[Items from a data source]
☆ ☆ ☆ ☆

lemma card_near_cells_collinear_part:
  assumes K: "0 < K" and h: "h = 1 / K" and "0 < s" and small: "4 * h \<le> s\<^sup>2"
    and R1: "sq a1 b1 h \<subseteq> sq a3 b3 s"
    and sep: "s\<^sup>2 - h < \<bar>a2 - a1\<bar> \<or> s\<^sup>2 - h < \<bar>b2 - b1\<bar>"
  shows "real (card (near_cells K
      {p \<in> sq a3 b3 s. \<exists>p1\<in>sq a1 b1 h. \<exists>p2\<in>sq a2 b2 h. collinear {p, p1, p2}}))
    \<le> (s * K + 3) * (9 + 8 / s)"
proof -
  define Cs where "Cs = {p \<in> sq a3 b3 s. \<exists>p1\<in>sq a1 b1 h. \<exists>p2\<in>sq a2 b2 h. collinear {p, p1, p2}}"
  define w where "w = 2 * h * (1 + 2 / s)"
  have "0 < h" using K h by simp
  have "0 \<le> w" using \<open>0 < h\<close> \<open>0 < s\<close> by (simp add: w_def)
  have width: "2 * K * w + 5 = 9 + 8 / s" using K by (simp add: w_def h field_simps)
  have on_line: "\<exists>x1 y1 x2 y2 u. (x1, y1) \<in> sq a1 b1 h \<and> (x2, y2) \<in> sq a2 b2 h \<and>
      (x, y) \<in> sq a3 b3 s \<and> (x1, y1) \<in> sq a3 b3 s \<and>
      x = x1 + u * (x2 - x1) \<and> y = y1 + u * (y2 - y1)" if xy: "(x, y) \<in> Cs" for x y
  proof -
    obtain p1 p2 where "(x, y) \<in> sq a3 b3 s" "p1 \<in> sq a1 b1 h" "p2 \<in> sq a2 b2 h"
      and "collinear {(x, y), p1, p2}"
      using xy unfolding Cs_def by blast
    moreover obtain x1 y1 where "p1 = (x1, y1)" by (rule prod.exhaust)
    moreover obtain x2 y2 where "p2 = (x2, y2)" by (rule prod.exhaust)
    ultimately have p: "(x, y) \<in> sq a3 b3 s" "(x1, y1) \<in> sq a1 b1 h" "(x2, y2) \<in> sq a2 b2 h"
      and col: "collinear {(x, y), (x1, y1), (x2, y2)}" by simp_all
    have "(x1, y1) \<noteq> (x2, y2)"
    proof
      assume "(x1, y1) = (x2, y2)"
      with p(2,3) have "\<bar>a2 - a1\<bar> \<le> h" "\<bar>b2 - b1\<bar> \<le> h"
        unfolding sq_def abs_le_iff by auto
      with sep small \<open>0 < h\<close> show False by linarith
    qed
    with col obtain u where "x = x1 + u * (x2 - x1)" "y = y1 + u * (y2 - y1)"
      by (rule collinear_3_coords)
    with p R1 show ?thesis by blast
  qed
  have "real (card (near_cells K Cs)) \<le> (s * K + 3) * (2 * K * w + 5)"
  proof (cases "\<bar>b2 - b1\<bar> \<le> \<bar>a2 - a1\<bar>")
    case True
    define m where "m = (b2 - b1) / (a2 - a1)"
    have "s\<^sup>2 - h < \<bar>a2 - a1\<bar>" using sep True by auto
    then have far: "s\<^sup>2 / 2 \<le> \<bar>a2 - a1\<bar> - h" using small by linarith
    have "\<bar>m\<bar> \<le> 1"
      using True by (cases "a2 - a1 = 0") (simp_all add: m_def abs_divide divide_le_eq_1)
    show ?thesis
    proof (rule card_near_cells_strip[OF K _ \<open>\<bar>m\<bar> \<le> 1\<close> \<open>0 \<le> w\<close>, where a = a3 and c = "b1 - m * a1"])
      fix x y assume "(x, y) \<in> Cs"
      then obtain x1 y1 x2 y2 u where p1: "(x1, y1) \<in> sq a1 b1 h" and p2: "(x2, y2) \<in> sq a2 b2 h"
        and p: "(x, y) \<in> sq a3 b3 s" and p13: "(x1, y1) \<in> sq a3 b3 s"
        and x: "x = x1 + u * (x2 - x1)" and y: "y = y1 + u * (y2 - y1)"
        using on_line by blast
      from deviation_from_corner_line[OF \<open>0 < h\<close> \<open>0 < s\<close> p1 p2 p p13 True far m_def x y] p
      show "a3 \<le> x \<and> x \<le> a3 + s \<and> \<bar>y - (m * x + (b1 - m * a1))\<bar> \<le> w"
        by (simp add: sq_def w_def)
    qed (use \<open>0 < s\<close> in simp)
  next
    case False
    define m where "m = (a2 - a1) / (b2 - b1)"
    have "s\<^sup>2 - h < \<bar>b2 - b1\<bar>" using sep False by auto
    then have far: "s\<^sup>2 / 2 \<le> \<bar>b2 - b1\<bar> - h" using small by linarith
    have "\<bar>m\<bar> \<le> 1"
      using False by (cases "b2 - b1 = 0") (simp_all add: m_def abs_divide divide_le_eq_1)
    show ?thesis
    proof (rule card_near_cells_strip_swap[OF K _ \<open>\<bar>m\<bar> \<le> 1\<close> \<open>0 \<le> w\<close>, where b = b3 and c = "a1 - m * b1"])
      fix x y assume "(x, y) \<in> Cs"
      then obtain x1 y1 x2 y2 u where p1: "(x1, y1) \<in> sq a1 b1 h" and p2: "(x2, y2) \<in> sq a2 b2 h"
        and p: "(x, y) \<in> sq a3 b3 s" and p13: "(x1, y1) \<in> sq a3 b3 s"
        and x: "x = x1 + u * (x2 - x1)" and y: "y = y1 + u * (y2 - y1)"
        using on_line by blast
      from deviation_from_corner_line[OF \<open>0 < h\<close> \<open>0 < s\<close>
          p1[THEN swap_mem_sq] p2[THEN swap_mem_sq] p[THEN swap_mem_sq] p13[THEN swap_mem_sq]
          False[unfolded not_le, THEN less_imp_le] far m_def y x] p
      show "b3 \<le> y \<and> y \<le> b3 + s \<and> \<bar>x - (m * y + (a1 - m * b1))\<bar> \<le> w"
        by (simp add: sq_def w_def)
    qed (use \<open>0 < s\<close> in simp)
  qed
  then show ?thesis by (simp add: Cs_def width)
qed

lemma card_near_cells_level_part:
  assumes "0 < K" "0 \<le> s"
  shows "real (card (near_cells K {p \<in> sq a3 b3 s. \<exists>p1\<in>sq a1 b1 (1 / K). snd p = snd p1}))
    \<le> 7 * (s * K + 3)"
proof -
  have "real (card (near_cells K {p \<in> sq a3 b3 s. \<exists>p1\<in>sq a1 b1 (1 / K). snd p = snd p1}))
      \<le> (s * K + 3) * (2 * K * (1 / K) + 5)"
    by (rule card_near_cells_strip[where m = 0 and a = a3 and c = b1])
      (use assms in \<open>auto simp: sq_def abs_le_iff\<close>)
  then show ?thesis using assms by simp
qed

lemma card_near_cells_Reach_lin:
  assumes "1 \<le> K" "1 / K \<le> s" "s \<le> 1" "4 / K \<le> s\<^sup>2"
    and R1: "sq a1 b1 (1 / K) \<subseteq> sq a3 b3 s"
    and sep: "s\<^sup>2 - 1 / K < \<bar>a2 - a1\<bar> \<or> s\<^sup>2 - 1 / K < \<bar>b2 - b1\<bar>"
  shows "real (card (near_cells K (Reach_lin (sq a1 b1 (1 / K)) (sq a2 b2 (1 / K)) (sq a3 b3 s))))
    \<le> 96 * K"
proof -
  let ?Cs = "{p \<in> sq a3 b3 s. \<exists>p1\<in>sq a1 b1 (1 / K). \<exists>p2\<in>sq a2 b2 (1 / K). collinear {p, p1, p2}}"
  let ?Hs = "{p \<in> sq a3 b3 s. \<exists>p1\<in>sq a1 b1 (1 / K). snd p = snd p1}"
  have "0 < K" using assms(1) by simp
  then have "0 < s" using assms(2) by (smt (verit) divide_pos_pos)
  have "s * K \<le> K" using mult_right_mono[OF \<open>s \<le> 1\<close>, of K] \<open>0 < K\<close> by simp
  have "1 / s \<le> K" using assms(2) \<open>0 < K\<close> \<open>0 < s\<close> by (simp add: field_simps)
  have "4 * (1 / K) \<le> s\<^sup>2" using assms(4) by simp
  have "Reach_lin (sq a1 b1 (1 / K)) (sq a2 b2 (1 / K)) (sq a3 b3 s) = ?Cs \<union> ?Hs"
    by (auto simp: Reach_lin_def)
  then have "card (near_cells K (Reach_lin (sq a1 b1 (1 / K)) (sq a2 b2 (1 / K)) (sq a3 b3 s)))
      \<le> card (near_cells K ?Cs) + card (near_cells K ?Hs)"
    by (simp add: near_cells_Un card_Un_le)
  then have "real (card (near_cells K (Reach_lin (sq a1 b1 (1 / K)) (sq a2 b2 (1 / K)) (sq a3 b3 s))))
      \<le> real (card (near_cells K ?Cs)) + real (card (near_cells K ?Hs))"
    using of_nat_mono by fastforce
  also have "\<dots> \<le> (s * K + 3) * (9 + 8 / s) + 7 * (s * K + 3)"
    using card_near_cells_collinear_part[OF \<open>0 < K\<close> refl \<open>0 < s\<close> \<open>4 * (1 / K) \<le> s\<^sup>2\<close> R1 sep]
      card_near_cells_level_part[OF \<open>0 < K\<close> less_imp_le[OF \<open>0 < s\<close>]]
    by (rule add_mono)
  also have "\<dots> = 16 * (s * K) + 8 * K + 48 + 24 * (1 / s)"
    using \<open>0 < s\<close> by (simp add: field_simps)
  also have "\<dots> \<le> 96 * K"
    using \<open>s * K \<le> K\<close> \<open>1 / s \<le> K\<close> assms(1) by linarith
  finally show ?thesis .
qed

☆ ☆ ☆ ☆

- _WHAT IS BEING ASKED_
Look for the string "auto" in the entries above. Copy every line that has it.

- _OUTPUT OF THE EXERCISE_
        unfolding sq_def abs_le_iff by auto
    have "s\<^sup>2 - h < \<bar>a2 - a1\<bar>" using sep True by auto
    have "s\<^sup>2 - h < \<bar>b2 - b1\<bar>" using sep False by auto
      (use assms in \<open>auto simp: sq_def abs_le_iff\<close>)
    by (auto simp: Reach_lin_def)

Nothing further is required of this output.